lemma Xi_jump: "0 \<le> t \<Longrightarrow> Xi l r \<psi> t = max (min (ereal (left_lim xi t)) (upper t)) (lower t)"
proof (cases "t = 0")
  case True
  then show ?thesis unfolding Xi_eq using Xi_gen_at_0[of lower upper 0] lower_le_upper[of 0]
    by (simp add: left_lim_def zero_ereal_def)
next
  case False
  assume "0 \<le> t"
  with False obtain s0 where s0: "0 \<le> s0" "s0 < t" "{s0<..<t} \<inter> S = {}"
    using finite_gap_left[OF finite_S, of 0 t] by auto
  have "Xi l r \<psi> t = max (min (Xi l r \<psi> s0) (upper t)) (lower t)" unfolding Xi_eq
    using s0(1,2) lower_le_upper[OF s0(1)] lower_le_upper[OF \<open>0 \<le> t\<close>]
      jumps_in_const_Ico[OF jumps_upper s0(1,3)] jumps_in_const_Ico[OF jumps_lower s0(1,3)]
    by (rule Xi_gen_jump)
  then show ?thesis using left_lim_jumps_in[OF jumps_xi s0] Xi_ereal[OF s0(1)] by simp
qed

lemma phi_less_r_iff: "0 \<le> t \<Longrightarrow> ereal (\<psi> t - xi t) < r t \<longleftrightarrow> lower t < Xi l r \<psi> t"
  using r_fin[of t] unfolding lower_def Xi_ereal by (cases "r t") auto

lemma phi_greater_l_iff: "0 \<le> t \<Longrightarrow> l t < ereal (\<psi> t - xi t) \<longleftrightarrow> Xi l r \<psi> t < upper t"
  using l_fin[of t] unfolding upper_def Xi_ereal by (cases "l t") auto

> _Work order_
Return exactly, and only, the lines from the start of the listing through the line with "using finite_gap_left[OF finite_S, of".

> _Output of the task_
lemma Xi_jump: "0 \<le> t \<Longrightarrow> Xi l r \<psi> t = max (min (ereal (left_lim xi t)) (upper t)) (lower t)"
proof (cases "t = 0")
  case True
  then show ?thesis unfolding Xi_eq using Xi_gen_at_0[of lower upper 0] lower_le_upper[of 0]
    by (simp add: left_lim_def zero_ereal_def)
next
  case False
  assume "0 \<le> t"
  with False obtain s0 where s0: "0 \<le> s0" "s0 < t" "{s0<..<t} \<inter> S = {}"
    using finite_gap_left[OF finite_S, of 0 t] by auto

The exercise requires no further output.